text \<open>The unbounded test function l y^2 + h y is reached through its bounded continuous
  truncations l min(y^2, K) + h y; the unit second moment identifies the limit.\<close>

lemma upper_scale_integral_truncated_square_tendsto:
  fixes h :: "real \<Rightarrow> real" and N :: "real measure"
  assumes N: "prob_space N" "sets N = sets borel" "integrable N (\<lambda>x. x^2)" "(\<integral>x. x^2 \<partial>N) = 1"
    and hc: "continuous_on UNIV h" and hB: "\<And>x. \<bar>h x\<bar> \<le> B"
    and l: "0 \<le> l" and a0: "0 \<le> a" and ab: "a \<le> b"
  shows "(\<lambda>K::nat. upper_scale_integral a b N (\<lambda>y. l * min (y^2) (real K) + h y))
           \<longlonglongrightarrow> (SUP v\<in>{a..b}. l * v^2 + (\<integral>x. h (v * x) \<partial>N))"
  unfolding upper_scale_integral_def
proof (rule SUP_incseq_tendsto)
  interpret N: prob_space N by (rule N(1))
  have min_int: "integrable N (\<lambda>x. min ((v * x)^2) (real K))" for v K
    by (rule N.integrable_const_bound[where B="real K"]) (auto simp: measurable_cong_sets[OF N(2) refl])
  have sq_int: "integrable N (\<lambda>x. (v * x)^2)" for v
    using integrable_mult_left[OF N(3), of "v^2"] by (simp add: power_mult_distrib)
  have sq: "(\<integral>x. (v * x)^2 \<partial>N) = v^2" for v
    using N(4) by (simp add: power_mult_distrib)
  have split: "(\<integral>x. l * min ((v * x)^2) (real K) + h (v * x) \<partial>N) =
       l * (\<integral>x. min ((v * x)^2) (real K) \<partial>N) + (\<integral>x. h (v * x) \<partial>N)" for v K
    using min_int[of v K] prob_space_bounded_integrable(1)[OF N(1) continuous_scaled_measurable[OF N(2) hc] hB]
    by simp
  have min_nonneg: "0 \<le> (\<integral>x. min ((v * x)^2) (real K) \<partial>N)" for v K
    by (rule integral_nonneg_AE) auto
  have min_le: "(\<integral>x. min ((v * x)^2) (real K) \<partial>N) \<le> v^2" for v K
    using integral_mono[OF min_int sq_int, of v K v] sq[of v] by simp
  show "{a..b} \<noteq> {}" using ab by simp
  fix v assume v: "v \<in> {a..b}"
  have vb: "v^2 \<le> b^2" using v a0 by (intro power_mono) auto
  show "(\<integral>x. l * min ((v * x)^2) (real K) + h (v * x) \<partial>N) \<le> (\<integral>x. l * min ((v * x)^2) (real K') + h (v * x) \<partial>N)"
    if "K \<le> K'" for K K'
  proof -
    have "(\<integral>x. min ((v * x)^2) (real K) \<partial>N) \<le> (\<integral>x. min ((v * x)^2) (real K') \<partial>N)"
      by (rule integral_mono[OF min_int min_int]) (use that in auto)
    then show ?thesis
      unfolding split using l by (simp add: mult_left_mono)
  qed
  show "\<bar>\<integral>x. l * min ((v * x)^2) (real K) + h (v * x) \<partial>N\<bar> \<le> l * b^2 + B" for K
  proof -
    have "l * (\<integral>x. min ((v * x)^2) (real K) \<partial>N) \<le> l * b^2"
      using min_le[of v K] vb l by (intro mult_left_mono) auto
    moreover have "0 \<le> l * (\<integral>x. min ((v * x)^2) (real K) \<partial>N)"
      using min_nonneg l by simp
    ultimately show ?thesis
      unfolding split using abs_integral_scaled_le[OF N(1,2) hc hB, of v] by (simp add: abs_le_iff)
  qed
  have "(\<lambda>K::nat. \<integral>x. min ((v * x)^2) (real K) \<partial>N) \<longlonglongrightarrow> v^2"
    using integral_min_nat_tendsto[OF sq_int] sq by simp
  then show "(\<lambda>K. \<integral>x. l * min ((v * x)^2) (real K) + h (v * x) \<partial>N) \<longlonglongrightarrow> l * v^2 + (\<integral>x. h (v * x) \<partial>N)"
    unfolding split by (intro tendsto_intros)
qed
(* Let $\Gamma$ be a finite multiset of formulas and $G$ a formula. If the sequent $\Gamma\longrightarrow G$ has an $\mathbf{I}$-proof in which (1) either no $\lor$-L rule is used, or no $\lor$-R and no $\exists$-R rules are used, and (2) either no $\exists$-L rule or no $\exists$-R rule is used, then $\Gamma\longrightarrow G$ has a uniform proof. Moreover, this characterization is tight: for each of the three combinations $\{\lor\text{-L},\exists\text{-R}\}$, $\{\lor\text{-L},\lor\text{-R}\}$, $\{\exists\text{-L},\exists\text{-R}\}$ there is a sequent with an $\mathbf{I}$-proof in which rules of both kinds in that combination are used, but which has no uniform proof.
   Context: Formulas are first-order formulas built from atomic formulas and the logical constants $\top$, $\bot$ (not counted as atomic) using $\land,\lor,\supset,\forall,\exists$; $\neg A$ abbreviates $A\supset\bot$; $B[t/x]$ is capture-avoiding substitution of term $t$ for free $x$ in $B$. A sequent $\Gamma\longrightarrow\Delta$ is a pair of finite multisets of formulas; $B,\Gamma$ denotes $\Gamma$ with an extra occurrence of $B$. A sequent is an axiom if $\top\in\Delta$ or some formula that is $\bot$ or atomic occurs in both $\Gamma$ and $\Delta$. Writing premises $\Rightarrow$ conclusion, the rules are all instances of: contr-L: $B,B,\Gamma\longrightarrow\Delta\Rightarrow B,\Gamma\longrightarrow\Delta$; contr-R: $\Gamma\longrightarrow\Delta,B,B\Rightarrow\Gamma\longrightarrow\Delta,B$; $\bot$-R: $\Gamma\longrightarrow\Delta,\bot\Rightarrow\Gamma\longrightarrow\Delta,D$; $\land$-L: $B,\Gamma\longrightarrow\Delta\Rightarrow B\land D,\Gamma\longrightarrow\Delta$ and $D,\Gamma\longrightarrow\Delta\Rightarrow B\land D,\Gamma\longrightarrow\Delta$; $\lor$-L: $B,\Gamma\longrightarrow\Delta$ and $D,\Gamma\longrightarrow\Delta\Rightarrow B\lor D,\Gamma\longrightarrow\Delta$; $\land$-R: $\Gamma\longrightarrow\Delta,B$ and $\Gamma\longrightarrow\Delta,D\Rightarrow\Gamma\longrightarrow\Delta,B\land D$; $\lor$-R: $\Gamma\longrightarrow\Delta,B\Rightarrow\Gamma\longrightarrow\Delta,B\lor D$ and $\Gamma\longrightarrow\Delta,D\Rightarrow\Gamma\longrightarrow\Delta,B\lor D$; $\supset$-L: $\Gamma\longrightarrow\Delta,B$ and $D,\Gamma\longrightarrow\Theta\Rightarrow B\supset D,\Gamma\longrightarrow\Delta,\Theta$; $\supset$-R: $B,\Gamma\longrightarrow\Delta,D\Rightarrow\Gamma\longrightarrow\Delta,B\supset D$; $\forall$-L: $B[t/x],\Gamma\longrightarrow\Delta\Rightarrow\forall x B,\Gamma\longrightarrow\Delta$; $\exists$-R: $\Gamma\longrightarrow\Delta,B[t/x]\Rightarrow\Gamma\longrightarrow\Delta,\exists x B$ ($t$ any term); $\exists$-L: $B[c/x],\Gamma\longrightarrow\Delta\Rightarrow\exists x B,\Gamma\longrightarrow\Delta$; $\forall$-R: $\Gamma\longrightarrow\Delta,B[c/x]\Rightarrow\Gamma\longrightarrow\Delta,\forall x B$, where the constant $c$ does not occur in the conclusion. A $\mathbf{C}$-proof is a finite tree of sequents with axioms at the leaves, each internal node being the conclusion of a rule instance whose premises are its children. An $\mathbf{I}$-proof is a $\mathbf{C}$-proof in which every sequent has exactly one formula in its succedent. A uniform proof ($\mathbf{O}$-proof) is an $\mathbf{I}$-proof in which any sequent that has a non-atomic formula distinct from $\bot$ in its succedent occurs only as the conclusion of an inference rule that introduces the top-level logical symbol of that formula. A rule "is used" if some instance of that schema occurs in the proof. *)

theory Defs
  imports Main "HOL-Library.Multiset"
begin

text \<open>Function symbols are identified by a name; a constant is a nullary application.
  Loose de Bruijn indices play the role of free variables.\<close>

datatype trm = Var nat | Fn nat "trm list"

datatype fm =
    Atom nat "trm list"
  | TT
  | FF
  | Conj fm fm
  | Disj fm fm
  | Imp fm fm
  | All fm
  | Ex fm

fun liftt :: "trm \<Rightarrow> nat \<Rightarrow> trm" where
  "liftt (Var i) k = (if i < k then Var i else Var (Suc i))"
| "liftt (Fn f ts) k = Fn f (map (\<lambda>t. liftt t k) ts)"

fun substt :: "trm \<Rightarrow> trm \<Rightarrow> nat \<Rightarrow> trm" where
  "substt (Var i) s k = (if k < i then Var (i - 1) else if i = k then s else Var i)"
| "substt (Fn f ts) s k = Fn f (map (\<lambda>t. substt t s k) ts)"

fun liftf :: "fm \<Rightarrow> nat \<Rightarrow> fm" where
  "liftf (Atom p ts) k = Atom p (map (\<lambda>t. liftt t k) ts)"
| "liftf TT k = TT"
| "liftf FF k = FF"
| "liftf (Conj A B) k = Conj (liftf A k) (liftf B k)"
| "liftf (Disj A B) k = Disj (liftf A k) (liftf B k)"
| "liftf (Imp A B) k = Imp (liftf A k) (liftf B k)"
| "liftf (All A) k = All (liftf A (Suc k))"
| "liftf (Ex A) k = Ex (liftf A (Suc k))"

fun substf :: "fm \<Rightarrow> trm \<Rightarrow> nat \<Rightarrow> fm" where
  "substf (Atom p ts) s k = Atom p (map (\<lambda>t. substt t s k) ts)"
| "substf TT s k = TT"
| "substf FF s k = FF"
| "substf (Conj A B) s k = Conj (substf A s k) (substf B s k)"
| "substf (Disj A B) s k = Disj (substf A s k) (substf B s k)"
| "substf (Imp A B) s k = Imp (substf A s k) (substf B s k)"
| "substf (All A) s k = All (substf A (liftt s 0) (Suc k))"
| "substf (Ex A) s k = Ex (substf A (liftt s 0) (Suc k))"

text \<open>B[t/x] where B is the body of a quantifier Qx.B\<close>
definition inst :: "fm \<Rightarrow> trm \<Rightarrow> fm" where
  "inst B t = substf B t 0"

fun symst :: "trm \<Rightarrow> (nat \<times> nat) set" where
  "symst (Var i) = {}"
| "symst (Fn f ts) = insert (f, length ts) (\<Union>t\<in>set ts. symst t)"

fun symsf :: "fm \<Rightarrow> (nat \<times> nat) set" where
  "symsf (Atom p ts) = (\<Union>t\<in>set ts. symst t)"
| "symsf TT = {}"
| "symsf FF = {}"
| "symsf (Conj A B) = symsf A \<union> symsf B"
| "symsf (Disj A B) = symsf A \<union> symsf B"
| "symsf (Imp A B) = symsf A \<union> symsf B"
| "symsf (All A) = symsf A"
| "symsf (Ex A) = symsf A"

fun atomic :: "fm \<Rightarrow> bool" where
  "atomic (Atom p ts) = True"
| "atomic _ = False"

type_synonym seq = "fm multiset \<times> fm multiset"

definition seq_syms :: "seq \<Rightarrow> (nat \<times> nat) set" where
  "seq_syms S = (\<Union>F\<in>set_mset (fst S). symsf F) \<union> (\<Union>F\<in>set_mset (snd S). symsf F)"

definition is_axiom :: "seq \<Rightarrow> bool" where
  "is_axiom S \<longleftrightarrow> TT \<in># snd S \<or>
     (\<exists>F. (F = FF \<or> atomic F) \<and> F \<in># fst S \<and> F \<in># snd S)"

datatype rule = ContrL | ContrR | BotR | AndL | OrL | AndR | OrR | ImpL | ImpR
  | AllL | ExR | ExL | AllR

inductive rinst :: "rule \<Rightarrow> seq list \<Rightarrow> seq \<Rightarrow> bool" where
  contrL: "rinst ContrL [(add_mset B (add_mset B \<Gamma>), \<Delta>)] (add_mset B \<Gamma>, \<Delta>)"
| contrR: "rinst ContrR [(\<Gamma>, add_mset B (add_mset B \<Delta>))] (\<Gamma>, add_mset B \<Delta>)"
| botR: "rinst BotR [(\<Gamma>, add_mset FF \<Delta>)] (\<Gamma>, add_mset D \<Delta>)"
| andL1: "rinst AndL [(add_mset B \<Gamma>, \<Delta>)] (add_mset (Conj B D) \<Gamma>, \<Delta>)"
| andL2: "rinst AndL [(add_mset D \<Gamma>, \<Delta>)] (add_mset (Conj B D) \<Gamma>, \<Delta>)"
| orL: "rinst OrL [(add_mset B \<Gamma>, \<Delta>), (add_mset D \<Gamma>, \<Delta>)] (add_mset (Disj B D) \<Gamma>, \<Delta>)"
| andR: "rinst AndR [(\<Gamma>, add_mset B \<Delta>), (\<Gamma>, add_mset D \<Delta>)] (\<Gamma>, add_mset (Conj B D) \<Delta>)"
| orR1: "rinst OrR [(\<Gamma>, add_mset B \<Delta>)] (\<Gamma>, add_mset (Disj B D) \<Delta>)"
| orR2: "rinst OrR [(\<Gamma>, add_mset D \<Delta>)] (\<Gamma>, add_mset (Disj B D) \<Delta>)"
| impL: "rinst ImpL [(\<Gamma>, add_mset B \<Delta>), (add_mset D \<Gamma>, \<Theta>)]
           (add_mset (Imp B D) \<Gamma>, \<Delta> + \<Theta>)"
| impR: "rinst ImpR [(add_mset B \<Gamma>, add_mset D \<Delta>)] (\<Gamma>, add_mset (Imp B D) \<Delta>)"
| allL: "rinst AllL [(add_mset (inst B t) \<Gamma>, \<Delta>)] (add_mset (All B) \<Gamma>, \<Delta>)"
| exR: "rinst ExR [(\<Gamma>, add_mset (inst B t) \<Delta>)] (\<Gamma>, add_mset (Ex B) \<Delta>)"
| exL: "(c, 0) \<notin> seq_syms (add_mset (Ex B) \<Gamma>, \<Delta>) \<Longrightarrow>
        rinst ExL [(add_mset (inst B (Fn c [])) \<Gamma>, \<Delta>)] (add_mset (Ex B) \<Gamma>, \<Delta>)"
| allR: "(c, 0) \<notin> seq_syms (\<Gamma>, add_mset (All B) \<Delta>) \<Longrightarrow>
        rinst AllR [(\<Gamma>, add_mset (inst B (Fn c [])) \<Delta>)] (\<Gamma>, add_mset (All B) \<Delta>)"
(* Assume $M,K\in\mathbb{R}^{m\times m}$ are symmetric positive definite, $\nu>0$, $\omega\in\mathbb{R}$, and $\alpha>0$. Let $\eta=\sqrt{\nu}/\sqrt{1+\nu\omega^2}$, $\mathcal M=\mathrm{diag}(M,M,M,M)$, $\mathcal K=\eta\,\mathrm{diag}(K,K,K,K)$, $\mathcal G$ as below, and \[ \mathcal T_\alpha=(\alpha I+\mathcal K)^{-1}(\alpha I+\mathcal G\mathcal M)(\alpha I+\mathcal M)^{-1}(\alpha I-\mathcal G\mathcal K). \] Then \[ \rho(\mathcal T_\alpha)\le\gamma(\alpha):=\max_{\mu\in\sigma(M)}\frac{\sqrt{\alpha^2+\mu^2}}{\alpha+\mu}\;\max_{\lambda\in\sigma(K)}\frac{\sqrt{\alpha^2+(\eta\lambda)^2}}{\alpha+\eta\lambda}<1 . \] In particular the ASSS iteration $\mathbf x^{(k+1)}=\mathcal T_\alpha\mathbf x^{(k)}+\mathbf f$ converges for every $\alpha>0$ and every initial guess.
   Context: $I$ denotes an identity matrix of appropriate size. $\mathcal G=\frac{1}{\sqrt{\nu(1+\nu\omega^2)}}\begin{pmatrix} 0&\omega\nu I&\sqrt{\nu}I&0\\ -\omega\nu I&0&0&\sqrt{\nu}I\\ -\sqrt{\nu}I&0&0&-\omega\nu I\\ 0&-\sqrt{\nu}I&\omega\nu I&0\end{pmatrix}$ with $m\times m$ identity blocks. $\mathrm{diag}(\cdot)$ is block diagonal, $\sigma(\cdot)$ is the spectrum and $\rho(\cdot)$ the spectral radius. The ASSS iteration for $(\mathcal M+\mathcal G\mathcal K)\mathbf x=\mathbf b$ is $(\alpha I+\mathcal M)\mathbf x^{(k+1/2)}=(\alpha I-\mathcal G\mathcal K)\mathbf x^{(k)}+\mathbf b$, $(\alpha I+\mathcal K)\mathbf x^{(k+1)}=(\alpha I+\mathcal G\mathcal M)\mathbf x^{(k+1/2)}-\mathcal G\mathbf b$, which equals $\mathbf x^{(k+1)}=\mathcal T_\alpha\mathbf x^{(k)}+\mathbf f$ with $\mathbf f=\alpha(\alpha I+\mathcal K)^{-1}(I-\mathcal G)(\alpha I+\mathcal M)^{-1}\mathbf b$. *)

theory Defs
  imports "Jordan_Normal_Form.Spectral_Radius" "Jordan_Normal_Form.Gauss_Jordan_Elimination"
begin

definition sym_pos_def_mat :: "nat \<Rightarrow> real mat \<Rightarrow> bool" where
  "sym_pos_def_mat n A \<longleftrightarrow> A \<in> carrier_mat n n \<and> transpose_mat A = A \<and>
     (\<forall>x \<in> carrier_vec n. x \<noteq> 0\<^sub>v n \<longrightarrow> x \<bullet> (A *\<^sub>v x) > 0)"

definition minv :: "real mat \<Rightarrow> real mat" where
  "minv A = the (mat_inverse A)"

definition G_mat :: "nat \<Rightarrow> real \<Rightarrow> real \<Rightarrow> real mat" where
  "G_mat m \<nu> \<omega> =
    (let I = (1\<^sub>m m :: real mat); Z = (0\<^sub>m m m :: real mat);
         a = \<omega> * \<nu>; s = sqrt \<nu> in
     (1 / sqrt (\<nu> * (1 + \<nu> * \<omega>^2))) \<cdot>\<^sub>m
       four_block_mat
         (four_block_mat Z (a \<cdot>\<^sub>m I) ((- a) \<cdot>\<^sub>m I) Z)
         (four_block_mat (s \<cdot>\<^sub>m I) Z Z (s \<cdot>\<^sub>m I))
         (four_block_mat ((- s) \<cdot>\<^sub>m I) Z Z ((- s) \<cdot>\<^sub>m I))
         (four_block_mat Z ((- a) \<cdot>\<^sub>m I) (a \<cdot>\<^sub>m I) Z))"

definition asss_iterates :: "real mat \<Rightarrow> real vec \<Rightarrow> real vec \<Rightarrow> nat \<Rightarrow> real vec" where
  "asss_iterates T f x0 k = ((\<lambda>x. T *\<^sub>v x + f) ^^ k) x0"

end

theory Submission
  imports Defs
begin

text \<open>Write \<open>A = \<alpha> I + \<K>\<close>, \<open>B = \<alpha> I + \<G> \<M>\<close>, \<open>C = \<alpha> I + \<M>\<close> and \<open>D = \<alpha> I - \<G> \<K>\<close>, so that
  \<open>T = A\<^sup>-\<^sup>1 B C\<^sup>-\<^sup>1 D\<close>. The matrix \<open>\<G>\<close> is orthogonal, skew-symmetric and commutes with every
  block-diagonal matrix \<open>\<P> = diag(P, P, P, P)\<close>; for symmetric \<open>P\<close> this makes \<open>\<G> \<P> y\<close> orthogonal
  to \<open>y\<close>, so \<open>|(\<alpha> I \<plusminus> \<G> \<P>) y|\<^sup>2 = \<alpha>\<^sup>2 |y|\<^sup>2 + |\<P> y|\<^sup>2\<close>. If every eigenvalue \<open>\<mu>\<close> of \<open>P\<close>
  satisfies \<open>\<alpha>\<^sup>2 + \<mu>\<^sup>2 \<le> g\<^sup>2 (\<alpha> + \<mu>)\<^sup>2\<close>, the right-hand side is at most \<open>g\<^sup>2 |(\<alpha> I + \<P>) y|\<^sup>2\<close>.
  Hence \<open>|B u| \<le> \<gamma>\<^sub>M |C u|\<close> and \<open>|D z| \<le> \<gamma>\<^sub>K |A z|\<close>, i.e. \<open>T\<close> contracts the norm \<open>z \<mapsto> |A z|\<close>
  by \<open>\<gamma> = \<gamma>\<^sub>M \<gamma>\<^sub>K < 1\<close>. A contraction in an equivalent norm has spectral radius at most \<open>\<gamma>\<close>,
  and its affine iteration converges geometrically.\<close>

section \<open>Euclidean norm of real vectors\<close>

definition vec_norm :: "real vec \<Rightarrow> real" where
  "vec_norm v = sqrt (v \<bullet> v)"

lemma scalar_prod_self_nonneg: "0 \<le> (v :: real vec) \<bullet> v"
  using conjugate_square_ge_0_vec[of v] by simp

lemma scalar_prod_self_eq_0_iff:
  assumes "(v :: real vec) \<in> carrier_vec n"
  shows "v \<bullet> v = 0 \<longleftrightarrow> v = 0\<^sub>v n"
  using conjugate_square_eq_0_vec[OF assms] by simp

lemma vec_norm_nonneg: "0 \<le> vec_norm v"
  unfolding vec_norm_def by (simp add: scalar_prod_self_nonneg)

lemma vec_norm_power2: "vec_norm v ^ 2 = v \<bullet> v"
  unfolding vec_norm_def by (simp add: scalar_prod_self_nonneg)

lemma abs_index_le_vec_norm:
  assumes "i < dim_vec v"
  shows "\<bar>v $ i\<bar> \<le> vec_norm v"
proof -
  have "(v $ i)^2 = (\<Sum>j\<in>{i}. v $ j * v $ j)" by (simp add: power2_eq_square)
  also have "\<dots> \<le> v \<bullet> v"
    unfolding scalar_prod_def by (rule sum_mono2) (use assms in auto)
  finally show ?thesis
    unfolding vec_norm_def by (metis real_sqrt_abs real_sqrt_le_mono)
qed

lemma cauchy_schwarz_scalar_prod:
  assumes x: "(x :: real vec) \<in> carrier_vec n" and y: "y \<in> carrier_vec n"
  shows "(x \<bullet> y)^2 \<le> (x \<bullet> x) * (y \<bullet> y)"
proof (cases "y \<bullet> y = 0")
  case True
  then show ?thesis using x y by (simp add: scalar_prod_self_eq_0_iff)
next
  case False
  then have yy: "y \<bullet> y > 0" using scalar_prod_self_nonneg[of y] by auto
  define t where "t = (x \<bullet> y) / (y \<bullet> y)"
  have "0 \<le> (x - t \<cdot>\<^sub>v y) \<bullet> (x - t \<cdot>\<^sub>v y)" by (rule scalar_prod_self_nonneg)
  also have "\<dots> = x \<bullet> x - 2 * t * (x \<bullet> y) + t^2 * (y \<bullet> y)"
    using x y by (simp add: minus_scalar_prod_distrib scalar_prod_minus_distrib
        comm_scalar_prod[of y n x] power2_eq_square algebra_simps)
  also have "\<dots> = x \<bullet> x - (x \<bullet> y)^2 / (y \<bullet> y)"
    using yy unfolding t_def by (simp add: field_simps power2_eq_square)
  finally show ?thesis using yy by (simp add: field_simps)
qed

========

EXERCISE OBJECTIVE
Every line from the line containing "AndL [(add_mset D" through the line containing "add_mset B \<Delta>)]" in the records above must be retyped exactly. Leave out the rest.

EXERCISE ANSWER
| andL2: "rinst AndL [(add_mset D \<Gamma>, \<Delta>)] (add_mset (Conj B D) \<Gamma>, \<Delta>)"
| orL: "rinst OrL [(add_mset B \<Gamma>, \<Delta>), (add_mset D \<Gamma>, \<Delta>)] (add_mset (Disj B D) \<Gamma>, \<Delta>)"
| andR: "rinst AndR [(\<Gamma>, add_mset B \<Delta>), (\<Gamma>, add_mset D \<Delta>)] (\<Gamma>, add_mset (Conj B D) \<Delta>)"
| orR1: "rinst OrR [(\<Gamma>, add_mset B \<Delta>)] (\<Gamma>, add_mset (Disj B D) \<Delta>)"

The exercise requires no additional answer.